Collected data entries:

================

definition individually_rational ::
  "'p set \<Rightarrow> ('p \<Rightarrow> ('a option \<times> nat) \<Rightarrow> ('a option \<times> nat) \<Rightarrow> bool) \<Rightarrow> ('p \<Rightarrow> 'a option) \<Rightarrow> bool" where
  "individually_rational N pref \<pi> \<longleftrightarrow>
     (\<forall>i\<in>N. pref i (\<pi> i, own_size N \<pi> i) (None, 1))"

definition NS_deviation ::
  "'p set \<Rightarrow> 'a set \<Rightarrow> 'p set set \<Rightarrow> ('p \<Rightarrow> ('a option \<times> nat) \<Rightarrow> ('a option \<times> nat) \<Rightarrow> bool)
   \<Rightarrow> ('p \<Rightarrow> 'a option) \<Rightarrow> 'p \<Rightarrow> 'a \<Rightarrow> bool" where
  "NS_deviation N Astar L pref \<pi> i a \<longleftrightarrow>
     a \<in> Astar \<and> \<pi> i \<noteq> Some a \<and>
     connected_in L (coalition N \<pi> a \<union> {i}) \<and>
     strict_pref pref i (Some a, card (coalition N \<pi> a) + 1) (\<pi> i, own_size N \<pi> i)"

definition IS_deviation ::
  "'p set \<Rightarrow> 'a set \<Rightarrow> 'p set set \<Rightarrow> ('p \<Rightarrow> ('a option \<times> nat) \<Rightarrow> ('a option \<times> nat) \<Rightarrow> bool)
   \<Rightarrow> ('p \<Rightarrow> 'a option) \<Rightarrow> 'p \<Rightarrow> 'a \<Rightarrow> bool" where
  "IS_deviation N Astar L pref \<pi> i a \<longleftrightarrow>
     NS_deviation N Astar L pref \<pi> i a \<and>
     (\<forall>j\<in>coalition N \<pi> a.
        pref j (Some a, card (coalition N \<pi> a) + 1) (Some a, card (coalition N \<pi> a)))"

definition individually_stable ::
  "'p set \<Rightarrow> 'a set \<Rightarrow> 'p set set \<Rightarrow> ('p \<Rightarrow> ('a option \<times> nat) \<Rightarrow> ('a option \<times> nat) \<Rightarrow> bool)
   \<Rightarrow> ('p \<Rightarrow> 'a option) \<Rightarrow> bool" where
  "individually_stable N Astar L pref \<pi> \<longleftrightarrow>
     individually_rational N pref \<pi> \<and>
     (\<forall>i\<in>N. \<forall>a\<in>Astar. \<not> IS_deviation N Astar L pref \<pi> i a)"

datatype act = Act_a | Act_b | Act_c

text \<open>Ranks: higher is better; (void,1) has rank 1, unapproved alternatives rank 0
 (they are all below the void alternative, mutually indifferent).\<close>

definition ex_rank :: "nat \<Rightarrow> (act option \<times> nat) \<Rightarrow> nat" where
  "ex_rank i x =
    (if x = (None, 1) then 1
     else if i = 1 then
       (if x = (Some Act_b, 2) then 7 else if x = (Some Act_a, 1) then 6
        else if x = (Some Act_c, 3) then 5 else if x = (Some Act_c, 2) then 4
        else if x = (Some Act_c, 1) then 3 else 0)
     else if i = 2 then
       (if x = (Some Act_c, 3) then 7 else if x = (Some Act_c, 2) then 6
        else if x = (Some Act_a, 2) then 5 else if x = (Some Act_b, 2) then 4
        else if x = (Some Act_b, 1) then 3 else 0)
     else if i = 3 then
       (if x = (Some Act_c, 3) then 7 else if x = (Some Act_a, 2) then 6
        else if x = (Some Act_a, 1) then 5 else 0)
     else 0)"

definition ex_pref :: "nat \<Rightarrow> (act option \<times> nat) \<Rightarrow> (act option \<times> nat) \<Rightarrow> bool" where
  "ex_pref i x y \<longleftrightarrow> ex_rank i x \<ge> ex_rank i y"

definition ex_N :: "nat set" where "ex_N = {1, 2, 3}"
definition ex_A :: "act set" where "ex_A = {Act_a, Act_b, Act_c}"
definition ex_L :: "nat set set" where "ex_L = {{1, 2}, {2, 3}}"

end

theory Submission
  imports Defs
begin

text \<open>Individual rationality leaves player 3 three options. In the grand coalition for \<open>c\<close>,
  player 1 leaves for \<open>(a,1)\<close>. Staying void, player 3 is invited to \<open>a\<close> unless player 1
  occupies \<open>a\<close>, and then one of players 1, 2 moves to \<open>b\<close>. So player 3 plays \<open>a\<close>. If player 2
  joins him, player 1 is void or alone in \<open>c\<close> and a move to \<open>c\<close> follows; otherwise player 2
  moves to \<open>(a,2)\<close> unless players 1 and 2 share \<open>c\<close>, and then player 3 joins them, welcome to
  both.\<close>

lemma connected_in_subsingleton: "S \<subseteq> {x} \<Longrightarrow> connected_in L S"
  unfolding connected_in_def by auto

lemma connected_in_star:
  assumes "c \<in> S" and "\<And>x. x \<in> S \<Longrightarrow> x = c \<or> {x, c} \<in> L"
  shows "connected_in L S"
proof -
  let ?R = "{(u, v). u \<in> S \<and> v \<in> S \<and> {u, v} \<in> L}"
  have "x = c \<or> (x, c) \<in> ?R \<and> (c, x) \<in> ?R" if "x \<in> S" for x
    using assms(1) assms(2)[OF that] that insert_commute[of x c "{}"] by auto
  then have to_c: "(x, c) \<in> ?R\<^sup>*" and from_c: "(c, x) \<in> ?R\<^sup>*" if "x \<in> S" for x
    using that by auto
  show ?thesis
    unfolding connected_in_def using to_c from_c by (meson rtrancl_trans)
qed

lemma connected_in_has_neighbour:
  assumes "connected_in L S" "x \<in> S" "y \<in> S" "x \<noteq> y"
  shows "\<exists>z\<in>S. {x, z} \<in> L"
proof -
  let ?R = "{(u, v). u \<in> S \<and> v \<in> S \<and> {u, v} \<in> L}"
  have "(x, y) \<in> ?R\<^sup>*" using assms(1-3) unfolding connected_in_def by blast
  then obtain z where "(x, z) \<in> ?R" using assms(4) by (meson converse_rtranclE)
  then show ?thesis by blast
qed

lemma ex_L_edges: "{1, 2} \<in> ex_L" "{3, 2} \<in> ex_L"
  unfolding ex_L_def by (simp_all add: insert_commute)

lemma ex_L_neighbour_of_1: "{1, z} \<in> ex_L \<Longrightarrow> z = 2"
  unfolding ex_L_def by (auto simp: doubleton_eq_iff)

lemma connected_in_ex_L_iff:
  assumes "S \<subseteq> {1, 2, 3}"
  shows "connected_in ex_L S \<longleftrightarrow> (1 \<in> S \<and> 3 \<in> S \<longrightarrow> 2 \<in> S)"
proof
  assume "connected_in ex_L S"
  then show "1 \<in> S \<and> 3 \<in> S \<longrightarrow> 2 \<in> S"
    using connected_in_has_neighbour[of ex_L S 1 3] ex_L_neighbour_of_1 by fastforce
next
  assume path: "1 \<in> S \<and> 3 \<in> S \<longrightarrow> 2 \<in> S"
  show "connected_in ex_L S"
  proof (cases "2 \<in> S")
    case True
    have "x = 2 \<or> {x, 2} \<in> ex_L" if "x \<in> S" for x
      using assms that ex_L_edges by blast
    with True show ?thesis by (rule connected_in_star)
  next
    case False
    then have "S \<subseteq> {1} \<or> S \<subseteq> {3}" using assms path by auto
    then show ?thesis using connected_in_subsingleton by metis
  qed
qed

lemma coalition_ex_N: "coalition ex_N \<pi> a = {i \<in> {1, 2, 3}. \<pi> i = Some a}"
  unfolding coalition_def ex_N_def by simp

lemma card_coalition_ex_N:
  "card (coalition ex_N \<pi> a) =
     of_bool (\<pi> 1 = Some a) + of_bool (\<pi> 2 = Some a) + of_bool (\<pi> 3 = Some a)"
  unfolding coalition_ex_N
  by (cases "\<pi> 1 = Some a"; cases "\<pi> 2 = Some a"; cases "\<pi> 3 = Some a")
     (simp_all add: Collect_disj_eq Collect_conj_eq insert_commute)

lemma connected_in_coalition_ex_L:
  "connected_in ex_L (coalition ex_N \<pi> a) \<longleftrightarrow> (\<pi> 1 = Some a \<and> \<pi> 3 = Some a \<longrightarrow> \<pi> 2 = Some a)"
  by (subst connected_in_ex_L_iff) (auto simp: coalition_ex_N)

lemma IS_deviation_ex_iff:
  assumes "i \<in> {1, 2, 3}"
  shows "IS_deviation ex_N ex_A ex_L ex_pref \<pi> i a \<longleftrightarrow>
    \<pi> i \<noteq> Some a \<and>
    ((i = 1 \<or> \<pi> 1 = Some a) \<and> (i = 3 \<or> \<pi> 3 = Some a) \<longrightarrow> i = 2 \<or> \<pi> 2 = Some a) \<and>
    ex_rank i (\<pi> i, own_size ex_N \<pi> i) < ex_rank i (Some a, card (coalition ex_N \<pi> a) + 1) \<and>
    (\<forall>j\<in>{1, 2, 3}. \<pi> j = Some a \<longrightarrow>
       ex_rank j (Some a, card (coalition ex_N \<pi> a)) \<le> ex_rank j (Some a, card (coalition ex_N \<pi> a) + 1))"
proof -
  have "a \<in> ex_A" by (cases a) (auto simp: ex_A_def)
  have "coalition ex_N \<pi> a \<union> {i} \<subseteq> {1, 2, 3}"
    using assms by (auto simp: coalition_ex_N)
  then have connected: "connected_in ex_L (coalition ex_N \<pi> a \<union> {i}) \<longleftrightarrow>
      ((i = 1 \<or> \<pi> 1 = Some a) \<and> (i = 3 \<or> \<pi> 3 = Some a) \<longrightarrow> i = 2 \<or> \<pi> 2 = Some a)"
    by (simp add: connected_in_ex_L_iff coalition_ex_N eq_commute[of _ i])
  have members: "(\<forall>j\<in>coalition ex_N \<pi> a. Q j) \<longleftrightarrow> (\<forall>j\<in>{1, 2, 3}. \<pi> j = Some a \<longrightarrow> Q j)" for Q
    by (auto simp: coalition_ex_N)
  show ?thesis
    unfolding IS_deviation_def NS_deviation_def strict_pref_def ex_pref_def connected members
      less_le_not_le[symmetric]
    using \<open>a \<in> ex_A\<close> by simp
qed

lemma individually_rational_ex_rank:
  assumes "individually_rational ex_N ex_pref \<pi>" "i \<in> {1, 2, 3}"
  shows "1 \<le> ex_rank i (\<pi> i, own_size ex_N \<pi> i)"
proof -
  have "ex_rank i (None, 1) = 1" by (simp add: ex_rank_def)
  with assms show ?thesis
    unfolding individually_rational_def ex_pref_def ex_N_def by metis
qed

lemma act_option_cases [case_names None a b c]:
  "(x = None \<Longrightarrow> P) \<Longrightarrow> (x = Some Act_a \<Longrightarrow> P) \<Longrightarrow> (x = Some Act_b \<Longrightarrow> P)
    \<Longrightarrow> (x = Some Act_c \<Longrightarrow> P) \<Longrightarrow> P"
  by (metis act.exhaust option.exhaust)

lemmas ex_simps = IS_deviation_ex_iff own_size_def card_coalition_ex_N ex_rank_def

context
  fixes \<pi> :: "nat \<Rightarrow> act option"
  assumes feasible: "feasible ex_N ex_A ex_L \<pi>"
    and stable: "individually_stable ex_N ex_A ex_L ex_pref \<pi>"
begin

lemma ex_path_coalition: "\<pi> 1 = Some a \<Longrightarrow> \<pi> 3 = Some a \<Longrightarrow> \<pi> 2 = Some a"
  using feasible connected_in_coalition_ex_L[of \<pi> a]
  by (cases a) (auto simp: feasible_def ex_A_def)

lemma ex_rational: "i \<in> {1, 2, 3} \<Longrightarrow> 1 \<le> ex_rank i (\<pi> i, own_size ex_N \<pi> i)"
  using stable individually_rational_ex_rank unfolding individually_stable_def by blast

lemma ex_no_IS_deviation: "i \<in> {1, 2, 3} \<Longrightarrow> \<not> IS_deviation ex_N ex_A ex_L ex_pref \<pi> i a"
  using stable unfolding individually_stable_def ex_N_def ex_A_def by (cases a) auto

lemma ex_stable_player3_not_void: "\<pi> 3 \<noteq> None"
proof
  assume \<pi>3: "\<pi> 3 = None"
  show False
  proof (cases "\<pi> 1 = Some Act_a")
    case False
    with \<pi>3 have "IS_deviation ex_N ex_A ex_L ex_pref \<pi> 3 Act_a"
      by (cases "\<pi> 1" rule: act_option_cases; cases "\<pi> 2" rule: act_option_cases)
         (simp_all add: ex_simps)
    with ex_no_IS_deviation show False by simp
  next
    case \<pi>1: True
    show False
    proof (cases "\<pi> 2" rule: act_option_cases)
      case None
      with \<pi>1 \<pi>3 have "IS_deviation ex_N ex_A ex_L ex_pref \<pi> 2 Act_b" by (simp add: ex_simps)
      with ex_no_IS_deviation show False by simp
    next
      case b
      with \<pi>1 \<pi>3 have "IS_deviation ex_N ex_A ex_L ex_pref \<pi> 1 Act_b" by (simp add: ex_simps)
      with ex_no_IS_deviation show False by simp
    qed (use ex_rational[of 1] ex_rational[of 2] \<pi>1 \<pi>3 in \<open>simp_all add: ex_simps\<close>)
  qed
qed

lemma ex_stable_player3_not_c: "\<pi> 3 \<noteq> Some Act_c"
proof
  assume \<pi>3: "\<pi> 3 = Some Act_c"
  with ex_rational[of 3] have "\<pi> 1 = Some Act_c \<and> \<pi> 2 = Some Act_c"
    by (cases "\<pi> 1 = Some Act_c"; cases "\<pi> 2 = Some Act_c") (simp_all add: ex_simps)
  with \<pi>3 have "IS_deviation ex_N ex_A ex_L ex_pref \<pi> 1 Act_a" by (simp add: ex_simps)
  with ex_no_IS_deviation show False by simp
qed

lemma ex_stable_player3_a: "\<pi> 3 = Some Act_a"
  using ex_rational[of 3] ex_stable_player3_not_void ex_stable_player3_not_c
  by (cases "\<pi> 3" rule: act_option_cases) (simp_all add: ex_simps)

lemma ex_stable_player2_not_a: "\<pi> 2 \<noteq> Some Act_a"
proof
  assume \<pi>2: "\<pi> 2 = Some Act_a"
  note \<pi>3 = ex_stable_player3_a
  show False
  proof (cases "\<pi> 1" rule: act_option_cases)
    case None
    with \<pi>2 \<pi>3 have "IS_deviation ex_N ex_A ex_L ex_pref \<pi> 1 Act_c" by (simp add: ex_simps)
    with ex_no_IS_deviation show False by simp
  next
    case c
    with \<pi>2 \<pi>3 have "IS_deviation ex_N ex_A ex_L ex_pref \<pi> 2 Act_c" by (simp add: ex_simps)
    with ex_no_IS_deviation show False by simp
  qed (use ex_rational[of 1] \<pi>2 \<pi>3 in \<open>simp_all add: ex_simps\<close>)
qed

================

• Task prompt: Please return all lines from the records that hold the word "unless".

• Task result:
  player 1 leaves for \<open>(a,1)\<close>. Staying void, player 3 is invited to \<open>a\<close> unless player 1
  moves to \<open>(a,2)\<close> unless players 1 and 2 share \<open>c\<close>, and then player 3 joins them, welcome to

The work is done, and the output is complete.